Путь туда пролегал через трубы всех мысленных размеров и направлений, всевозможные клапаны, ребристые вентиляторы. Все это я прочувствовал своей головой, коленными чашечками и голенями. Казалось, что прокладываю себе путь через девственные джунгли. Металлические девственные джунгли. Но я упорно продвигался вперед без страха, потому что знал, что здесь нет ни люков, ни каких-то других отверстий, в которые я бы мог свалиться.
На корме тоже не нашлось ничего интересного. Большую часть палубы и надстройки занимали каюты. Один большой люк палубы был застеклен и имел пару открытых форточек.
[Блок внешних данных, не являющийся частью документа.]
definition piecewise_C1_alpha :: "real \<Rightarrow> (real \<Rightarrow> real) \<Rightarrow> real set set \<Rightarrow> bool" where
  "piecewise_C1_alpha \<alpha> g P \<longleftrightarrow>
     (\<forall>I\<in>P. (\<forall>x\<in>I. g differentiable (at x)) \<and>
        (\<exists>C. \<forall>x\<in>I. \<forall>y\<in>I. \<bar>deriv g x - deriv g y\<bar> \<le> C * \<bar>x - y\<bar> powr \<alpha>))"

definition piecewise_C1 :: "(real \<Rightarrow> real) \<Rightarrow> real set set \<Rightarrow> bool" where
  "piecewise_C1 g P \<longleftrightarrow>
     (\<forall>I\<in>P. (\<forall>x\<in>I. g differentiable (at x)) \<and> continuous_on I (deriv g))"

definition injective_mod1_on_pieces :: "(real \<Rightarrow> real) \<Rightarrow> real set set \<Rightarrow> bool" where
  "injective_mod1_on_pieces g P \<longleftrightarrow>
     (\<forall>I\<in>P. \<forall>x\<in>I. \<forall>y\<in>I. g x - g y \<in> \<int> \<longrightarrow> x = y)"

(* the partition {O_h} for f^n: the (nonempty) n-cylinders *)
definition cylinders :: "(real \<Rightarrow> real) \<Rightarrow> real set set \<Rightarrow> nat \<Rightarrow> real set set" where
  "cylinders f P n = {Q. Q \<noteq> {} \<and>
     (\<exists>Is :: nat \<Rightarrow> real set. (\<forall>j<n. Is j \<in> P) \<and> Q = {x. \<forall>j<n. (f ^^ j) x \<in> Is j})}"

(* domain f^n(O_h) (as a subset of T^1, lifted to R) and the inverse branch h *)
definition branch_dom :: "(real \<Rightarrow> real) \<Rightarrow> nat \<Rightarrow> real set \<Rightarrow> real set" where
  "branch_dom f n Q = {z. \<exists>y\<in>Q. (f ^^ n) y - z \<in> \<int>}"

definition branch :: "(real \<Rightarrow> real) \<Rightarrow> nat \<Rightarrow> real set \<Rightarrow> real \<Rightarrow> real" where
  "branch f n Q z = (THE y. y \<in> Q \<and> (f ^^ n) y - z \<in> \<int>)"

definition tau_n :: "(real \<Rightarrow> real) \<Rightarrow> (real \<Rightarrow> real) \<Rightarrow> nat \<Rightarrow> real \<Rightarrow> real" where
  "tau_n f \<tau> n x = (\<Sum>j<n. \<tau> ((f ^^ j) x))"

definition DF :: "(real \<Rightarrow> real) \<Rightarrow> (real \<Rightarrow> real) \<Rightarrow> real \<Rightarrow> real \<times> real \<Rightarrow> real \<times> real" where
  "DF f \<tau> x = (\<lambda>(u, v). (deriv f x * u, deriv \<tau> x * u + v))"

primrec DFn :: "(real \<Rightarrow> real) \<Rightarrow> (real \<Rightarrow> real) \<Rightarrow> nat \<Rightarrow> real \<Rightarrow> real \<times> real \<Rightarrow> real \<times> real" where
  "DFn f \<tau> 0 x = id"
| "DFn f \<tau> (Suc n) x = DF f \<tau> ((f ^^ n) x) \<circ> DFn f \<tau> n x"

(* sup norm over the (full measure) union of the partition intervals *)
definition supnorm :: "(real \<Rightarrow> real) \<Rightarrow> real set set \<Rightarrow> real" where
  "supnorm g P = Sup ((\<lambda>x. \<bar>g x\<bar>) ` \<Union>P)"

definition eta :: "(real \<Rightarrow> real) \<Rightarrow> (real \<Rightarrow> real) \<Rightarrow> real set set \<Rightarrow> real" where
  "eta f \<tau> P = supnorm (\<lambda>x. deriv \<tau> x / deriv f x) P / (1 - supnorm (\<lambda>x. 1 / deriv f x) P)"

definition cone :: "real \<Rightarrow> (real \<times> real) set" where
  "cone \<eta> = {(u, v). \<bar>v\<bar> \<le> \<eta> * \<bar>u\<bar>}"

end

theory Submission
  imports Defs "HOL-Complex_Analysis.Conformal_Mappings"
begin

text \<open>
  Along an orbit, DF^n_y is the lower triangular matrix with diagonal ((f^n)'(y), 1) and
  lower-left entry \<tau>_n'(y), while the inverse function theorem gives
  (\<tau>_n \<circ> h)'(x) = \<tau>_n'(y) / (f^n)'(y) for y = h(x).  If the two branches had the same
  slope, the vector ((f^n)'(h1 x), \<tau>_n'(h1 x)) = DF^n_{h1 x}(1,0) would also be the image
  of the horizontal vector ((f^n)'(h1 x)/(f^n)'(h2 x), 0) under DF^n_{h2 x}; horizontal
  vectors lie in the cone because \<eta> \<ge> 0, contradicting transversality.  So the
  difference of the slopes is nonzero and half of it serves as C0.
\<close>

definition funpow_deriv :: "(real \<Rightarrow> real) \<Rightarrow> nat \<Rightarrow> real \<Rightarrow> real" where
  "funpow_deriv f m y = (\<Prod>j<m. deriv f ((f ^^ j) y))"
Я включил фонарик — машинное отделение, ловить там нечего. Все осмотр верхней палубы завершен.
В лодке терпеливо ждал Эндрю. Я скорее почувствовал, чем увидел, его вопрошающий взгляд и покачал головой. Впрочем мог и не качать, поскольку и так все было понятно, — я уже снимал пиджак с брюками и надевал акваланг. Эндрю помог мне подготовиться к погружению, это заняло довольно много времени — резиновую лодку раскачивало на волнах так сильно, что каждый из нас мог работать только одной рукой, а другой держался за борт лодки, чтобы не выпасть.
Осадка танкера составляла около пяти метров. На такой глубине влияние волн было почти незаметно, и мои поиски провода или чего-то, прикрепленного к проводу, оказались гораздо легче, чем я предполагал.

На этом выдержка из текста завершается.